Hacker News new | ask | show | jobs
by cousin_it 4299 days ago
I don't completely understand the C spec. Would the following approach work for zeroing a buffer?

1) Zero the buffer.

2) Check that the buffer is completely zeroed.

3) If you found any non-zeros in the buffer, return an error.

Is the compiler still allowed to optimize away the zeroing in this case?

4 comments

You are mixing up the C level buffer abstraction and some potentially underlying RAM. C doesn't deal with RAM, only with the abstraction, so you can't look at the RAM in C, you only can look at the abstract buffer, and the only thing that the compiler has to guarantee is that the abstraction holds - namely, that after you write zeroes into the abstract buffer, a subsequent conditional that checks whether the buffer is zeroed will branch accordingly, which is a fact that is trivial to evaluate during compile time, and as soon as the compiler has determined that the conditional is statically determined, it can eliminate any alternative branches as dead code and translate the abstract buffer write into a NOOP at the machine code level.
> Is the compiler still allowed to optimize away the zeroing in this case?

Yes, completely. In the snippet below, the compiler is allowed to eliminate all code after “leave secrets in array c”.

  {
    char c[2];
    ... /* leave secrets in array c */
    memset(c, 0, 2);
    c[0] = 0;
    c[1] = 0;
    memset(c, 0, 2);
    if (c[0] || c[1]) exit 1;
  }
The compiler is also allowed to compile the last three instructions below as if they were “return 0;”

  {
    char c[2];
    ... /* leave secrets in array c */
    c[0] = 0;
    c[1] = 0;
    return c[0] + c[1];
  }
> In the snippet below, the compiler is allowed to eliminate all code after “leave secrets in array c”

gcc 4.4.5 doesn't though (-O3), it still clears the stack once and performs the comparison.

I believe these optimizations can be defeated by declaring a global

  volatile char fill = 0;
and using that instead of 0 in memset().
It's not guaranteed to defeat the optimization. For instance, it could just read fill into two registers and do the comparison there.
Is the compiler still allowed to optimize away the zeroing in this case?

With 'volatile', generally not, modulo bugs. Without volatile, it would never return an error.

I was wondering that too.. I would think that simply accessing the any byte in the buffer afterwards would prevent the compiler optimizing it out.
That depends how much the compiler can optimize (away). If the next call is free(), it's quite trivial to skip the zeroing and just take the correct branch.

I am still uncertain while people want to just 'zero' it. Filling random data (just one random() call) and then using inline PRNG, then summing the result, storing it globally in volatile would reliable 'zero' the data but it's quite CPU intense.

You still are not guaranteed to clear the buffer like that.

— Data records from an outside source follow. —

(* Let $0<\lambda\le1$, $f\in\mathcal U(\lambda)$ and $a_2=f''(0)/2$. If $\mu$ is a complex number with $|\mu|\le 1-\lambda$ and $a_2+\mu\ne 0$, then $-\dfrac{1}{a_2+\mu}\notin f(\mathbb D)$.
   Context: $\mathbb D=\{z\in\mathbb C:|z|<1\}$. $\mathcal A$ is the class of functions $f$ analytic in $\mathbb D$ with $f(z)=z+\sum_{k\ge2}a_kz^k$. For $f\in\mathcal A$ with $f(z)\ne0$ for $z\in\mathbb D\setminus\{0\}$, set $U_f(z)=\left(\frac{z}{f(z)}\right)^2f'(z)-1$. For $0<\lambda\le1$, $\mathcal U(\lambda)$ is the class of such $f\in\mathcal A$ with $|U_f(z)|<\lambda$ for all $z\in\mathbb D$. *)

theory Defs
  imports "HOL-Complex_Analysis.Complex_Analysis"
begin

definition class_A :: "(complex \<Rightarrow> complex) set" where
  "class_A = {f. f holomorphic_on ball 0 1 \<and> f 0 = 0 \<and> deriv f 0 = 1}"

text \<open>U_f(z) = (z/f(z))^2 f'(z) - 1, extended at the removable point z = 0 by its
  limit value (z/f(z) tends to 1/f'(0) = 1 there), i.e. U_f(0) = 0.\<close>
definition U_op :: "(complex \<Rightarrow> complex) \<Rightarrow> complex \<Rightarrow> complex" where
  "U_op f z = (if z = 0 then 0 else (z / f z)^2 * deriv f z - 1)"

definition class_U :: "real \<Rightarrow> (complex \<Rightarrow> complex) set" where
  "class_U lam = {f. f \<in> class_A \<and> (\<forall>z\<in>ball 0 1 - {0}. f z \<noteq> 0) \<and>
                     (\<forall>z\<in>ball 0 1. norm (U_op f z) < lam)}"

end

theory Submission imports Defs begin

text \<open>Put \<open>h(z) = 1/f(z) - 1/z\<close>. A direct computation gives \<open>z\<^sup>2 h'(z) = -U\<^sub>f(z)\<close>, and \<open>h\<close>
  extends holomorphically to \<open>0\<close> with \<open>h(0) = -a\<^sub>2\<close>. Since \<open>|U\<^sub>f| < \<lambda>\<close>, the maximum principle
  on the circles \<open>|z| = r\<close>, \<open>r \<rightarrow> 1\<close>, yields \<open>|h'| \<le> \<lambda>\<close>, hence \<open>|1/f(z) - 1/z + a\<^sub>2| \<le> \<lambda>|z|\<close>.
  If \<open>f(z) = -1/(a\<^sub>2 + \<mu>)\<close>, this reads \<open>|1/z + \<mu>| \<le> \<lambda>|z|\<close>, so
  \<open>1 < |1/z| \<le> |\<mu>| + \<lambda>|z| < 1 - \<lambda> + \<lambda> = 1\<close>, a contradiction.\<close>

lemma norm_le_of_norm_power2_mult_less:
  fixes H :: "complex \<Rightarrow> complex"
  assumes holH: "H holomorphic_on ball 0 1"
    and bound: "\<And>z. norm z < 1 \<Longrightarrow> norm (z^2 * H z) < lam"
    and z: "norm z < 1"
  shows "norm (H z) \<le> lam"
proof -
  have "norm (H z) < a" if "lam < a" for a
  proof -
    have "0 \<le> lam" using bound[of 0] by simp
    with \<open>lam < a\<close> have a0: "0 < a" and "sqrt (lam / a) < 1" by auto
    then obtain r where sr: "sqrt (lam / a) < r" and zr: "norm z < r" and "r < 1"
      using z dense[of "max (sqrt (lam / a)) (norm z)" 1] by auto
    have r0: "0 < r" using zr le_less_trans norm_ge_zero by blast
    have "sqrt (lam / a) ^ 2 < r^2"
      using sr \<open>0 \<le> lam\<close> a0 by (intro power_strict_mono) auto
    then have ra: "lam / r^2 < a" using \<open>0 \<le> lam\<close> a0 r0 by (simp add: field_simps)
    have sub: "cball 0 r \<subseteq> ball 0 1" using \<open>r < 1\<close> by auto
    have "H holomorphic_on cball 0 r" using holH sub by (rule holomorphic_on_subset)
    then have hol: "H holomorphic_on ball 0 r" and cont: "continuous_on (cball 0 r) H"
      by (auto intro: holomorphic_on_subset holomorphic_on_imp_continuous_on)
    obtain w where "w \<in> frontier (ball 0 r)"
      and max: "\<And>u. u \<in> closure (ball 0 r) \<Longrightarrow> norm (H u) \<le> norm (H w)"
      by (rule Schwarz1[OF hol]) (use cont r0 in auto)
    then have w: "norm w = r" using r0 by simp
    have "r^2 * norm (H w) < lam"
      using bound[of w] w \<open>r < 1\<close> by (simp add: norm_mult norm_power)
    then have "norm (H w) < lam / r^2" using r0 by (simp add: field_simps)
    then show ?thesis using max[of z] zr r0 ra by simp
  qed
  then show ?thesis using not_le by blast
qed

lemma holomorphic_factor_z:
  assumes "f holomorphic_on S" "open S" "0 \<in> S" "f 0 = 0"
  obtains g where "g holomorphic_on S" "\<And>z. f z = z * g z" "g 0 = deriv f 0"
proof
  define g where "g z = (if z = 0 then deriv f 0 else f z / z)" for z
  show "g holomorphic_on S"
    by (rule pole_theorem_open_0[OF assms(1,2), where a=0]) (use assms in \<open>auto simp: g_def\<close>)
  show "f z = z * g z" for z using assms(4) by (simp add: g_def)
  show "g 0 = deriv f 0" by (simp add: g_def)
qed

lemma deriv_deriv_times_z_at_0:
  fixes g :: "complex \<Rightarrow> complex"
  assumes holg: "g holomorphic_on S" and S: "open S" "0 \<in> S"
  shows "deriv (deriv (\<lambda>z. z * g z)) 0 = 2 * deriv g 0"
proof -
  have dg: "(g has_field_derivative deriv g w) (at w)" if "w \<in> S" for w
    using holg S that holomorphic_derivI by blast
  have first: "deriv (\<lambda>z. z * g z) w = g w + w * deriv g w" if "w \<in> S" for w
    using dg[OF that] by (intro DERIV_imp_deriv) (auto intro!: derivative_eq_intros)
  have "((\<lambda>w. g w + w * deriv g w) has_field_derivative 2 * deriv g 0) (at 0)"
    using DERIV_add[OF dg[OF S(2)] DERIV_mult[OF DERIV_ident
          holomorphic_derivI[OF holomorphic_deriv[OF holg S(1)] S]]]
    by simp
  then have "(deriv (\<lambda>z. z * g z) has_field_derivative 2 * deriv g 0) (at 0)"
    by (rule has_field_derivative_transform_within_open) (use S first in auto)
  then show ?thesis by (rule DERIV_imp_deriv)
qed

lemma inverse_difference_holomorphic_extension:
  assumes holf: "f holomorphic_on S" and S: "open S" "0 \<in> S"
    and f0: "f 0 = 0" and df0: "deriv f 0 = 1"
    and fnz: "\<And>w. w \<in> S \<Longrightarrow> w \<noteq> 0 \<Longrightarrow> f w \<noteq> 0"
  obtains h where "h holomorphic_on S" "\<And>w. w \<noteq> 0 \<Longrightarrow> h w = 1 / f w - 1 / w"
    "h 0 = - deriv (deriv f) 0 / 2" "\<And>w. w \<in> S \<Longrightarrow> w \<noteq> 0 \<Longrightarrow> w^2 * deriv h w = - U_op f w"
proof -
  obtain g where holg: "g holomorphic_on S" and fg: "\<And>w. f w = w * g w" and g0: "g 0 = 1"
    using holomorphic_factor_z[OF holf S f0] df0 by metis
  have "f = (\<lambda>w. w * g w)" using fg by blast
  then have a2: "deriv (deriv f) 0 / 2 = deriv g 0"
    using deriv_deriv_times_z_at_0[OF holg S] by simp
  have gnz: "g w \<noteq> 0" if "w \<in> S" for w using fnz[OF that] g0 fg by (cases "w = 0") auto
  define r where "r w = 1 / g w" for w
  have holr: "r holomorphic_on S" unfolding r_def using holg gnz by (intro holomorphic_intros) auto
  have r0: "r 0 = 1" by (simp add: r_def g0)
  define h where "h w = (if w = 0 then deriv r 0 else (r w - r 0) / (w - 0))" for w
  have holh: "h holomorphic_on S"
    unfolding h_def by (rule pole_lemma_open[OF holr S(1)])
  have h_eq: "h w = 1 / f w - 1 / w" if "w \<noteq> 0" for w
    using that by (simp add: h_def r_def r0 fg g0 field_simps)
  have "(r has_field_derivative - deriv g 0) (at 0)"
    unfolding r_def using holomorphic_derivI[OF holg S] g0
    by (auto intro!: derivative_eq_intros)
  then have h0: "h 0 = - deriv (deriv f) 0 / 2" by (simp add: h_def a2 DERIV_imp_deriv)
  have "w^2 * deriv h w = - U_op f w" if w: "w \<in> S" "w \<noteq> 0" for w
  proof -
    have "((\<lambda>u. 1 / f u - 1 / u) has_field_derivative - deriv f w / (f w)^2 + 1 / w^2) (at w)"
      using holomorphic_derivI[OF holf S(1) w(1)] fnz[OF w] w(2)
      by (auto intro!: derivative_eq_intros simp: field_simps power2_eq_square)
    then have "(h has_field_derivative - deriv f w / (f w)^2 + 1 / w^2) (at w)"
      by (rule has_field_derivative_transform_within_open[where S="S - {0}"])
         (use w S h_eq in auto)
    then have "deriv h w = - deriv f w / (f w)^2 + 1 / w^2" by (rule DERIV_imp_deriv)
    then show ?thesis
      using w(2) fnz[OF w] by (simp add: U_op_def field_simps power2_eq_square)
  qed
  with holh h_eq h0 show ?thesis using that by blast
qed

lemma class_U_inverse_estimate:
  assumes f: "f \<in> class_U lam" and z: "norm z < 1" "z \<noteq> 0"
  shows "norm (1 / f z - 1 / z + deriv (deriv f) 0 / 2) \<le> lam * norm z"
proof -
  define B where "B = ball (0::complex) 1"
  have B: "open B" "convex B" "0 \<in> B" by (auto simp: B_def)
  have U: "\<And>w. w \<in> B \<Longrightarrow> norm (U_op f w) < lam"
    using f by (auto simp: class_U_def B_def)
  obtain h where holh: "h holomorphic_on B" and h_eq: "\<And>w. w \<noteq> 0 \<Longrightarrow> h w = 1 / f w - 1 / w"
    and h0: "h 0 = - deriv (deriv f) 0 / 2"
    and dh: "\<And>w. w \<in> B \<Longrightarrow> w \<noteq> 0 \<Longrightarrow> w^2 * deriv h w = - U_op f w"
    by (rule inverse_difference_holomorphic_extension[of f B])
       (use f B in \<open>auto simp: class_U_def class_A_def B_def\<close>)
  have lam_pos: "0 < lam" using U[OF B(3)] by (simp add: U_op_def)
  have dh_bound: "norm (deriv h w) \<le> lam" if "w \<in> B" for w
  proof (rule norm_le_of_norm_power2_mult_less[where H="deriv h"])
    show "deriv h holomorphic_on ball 0 1" using holh B unfolding B_def by (intro holomorphic_deriv)
    show "norm (u^2 * deriv h u) < lam" if "norm u < 1" for u
      using that U[of u] dh[of u] lam_pos by (cases "u = 0") (auto simp: B_def)
  qed (use that in \<open>simp add: B_def\<close>)
  have "norm (h z - h 0) \<le> lam * norm (z - 0)"
  proof (rule field_differentiable_bound[where S=B and f'="deriv h"])
    show "(h has_field_derivative deriv h w) (at w within B)" if "w \<in> B" for w
      using holomorphic_derivI[OF holh B(1) that] by (rule has_field_derivative_at_within)
  qed (use dh_bound B z in \<open>auto simp: B_def\<close>)
  then show ?thesis using h_eq[OF z(2)] h0 by simp
qed

theorem corollary1p2:
  fixes lam :: real and f :: "complex \<Rightarrow> complex" and mu :: complex
  assumes "0 < lam" and "lam \<le> 1"
    and "f \<in> class_U lam"
    and "norm mu \<le> 1 - lam"
    and "(deriv (deriv f) 0) / 2 + mu \<noteq> 0"
  shows "- 1 / ((deriv (deriv f) 0) / 2 + mu) \<notin> f ` ball 0 1"
proof
  define a2 where "a2 = deriv (deriv f) 0 / 2"
  assume "- 1 / (deriv (deriv f) 0 / 2 + mu) \<in> f ` ball 0 1"
  then obtain z where z: "norm z < 1" and fz: "f z = - 1 / (a2 + mu)"
    by (auto simp: a2_def)
  have "f 0 = 0" using assms(3) by (simp add: class_U_def class_A_def)
  then have z0: "z \<noteq> 0" using fz assms(5) by (auto simp: a2_def)
  have "1 / f z = - (a2 + mu)" using fz assms(5) by (simp add: a2_def)
  then have "1 / f z - 1 / z + a2 = - (1 / z + mu)" by simp
  then have "norm (1 / z + mu) \<le> lam * norm z"
    using class_U_inverse_estimate[OF assms(3) z z0] unfolding a2_def
    by (metis norm_minus_cancel)
  then have "norm (1 / z) \<le> norm mu + lam * norm z"
    using norm_triangle_ineq4[of "1 / z + mu" mu] by simp
  also have "\<dots> < (1 - lam) + lam"
    using mult_strict_left_mono[OF z assms(1)] assms(4) by simp
  finally show False using z z0 by (simp add: norm_divide field_simps)
qed

end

  for (int i=0; i<len; i++){
    sensitiveBuffer[i]=random();
  }
  int sum=0;
  for (int i=0; i<len; i++){
    sum+=sensitiveBuffer[i];
  }
  volitileVar=sum;
Using loop fusion, the compiler can optimize this to: int sum=0; for (int i=0; i<len; i++){ sensitiveBuffer[i]=random(); sum+=sensitiveBuffer[i]; } volitileVar=sum;

Which it can then optimize to: int sum=0; for (int i=0; i<len; i++){ sum+=random(); } volitileVar=sum;

In fact, as the article points out, the compiler can legally transform:

  reallyZeroBuffer(sensitiveBuffer);
into

  pointlesslyCopy(sensitiveBuffer);
  reallyZeroBuffer(sensitiveBuffer);
not like that: Not exactly like that: I didn't mean simple that way, more like hash alike. The 1st example is not optimal but shows the idea.

I disagree about "pointlessCopy". Of course it's permitted by the standard but it's not an optimization. Using such a broken compiler is beyond help.

------- volatileVar *= random(); for (int i=0;i<len;i++){ volatileVar+=buf[random()%len]+0x61c88647; buf[i]=volatileVar; } ===== static volatile uint volitileVar;

  for (int i=0; i<len; i++){
    sensitiveBuffer[i]=random();
  }

  for (int i=0; i<len; i++){
    volitileVar+=sensitiveBuffer[volatileVar%len];
  }
Why shouldn't the compiler be able to figure out that you sum a series of numbers that aren't used anywhere else, thus don't need to be spilled to RAM?
You write them to a global state volatile
How does that require writing the random data to RAM, apart from the volatile variable itself?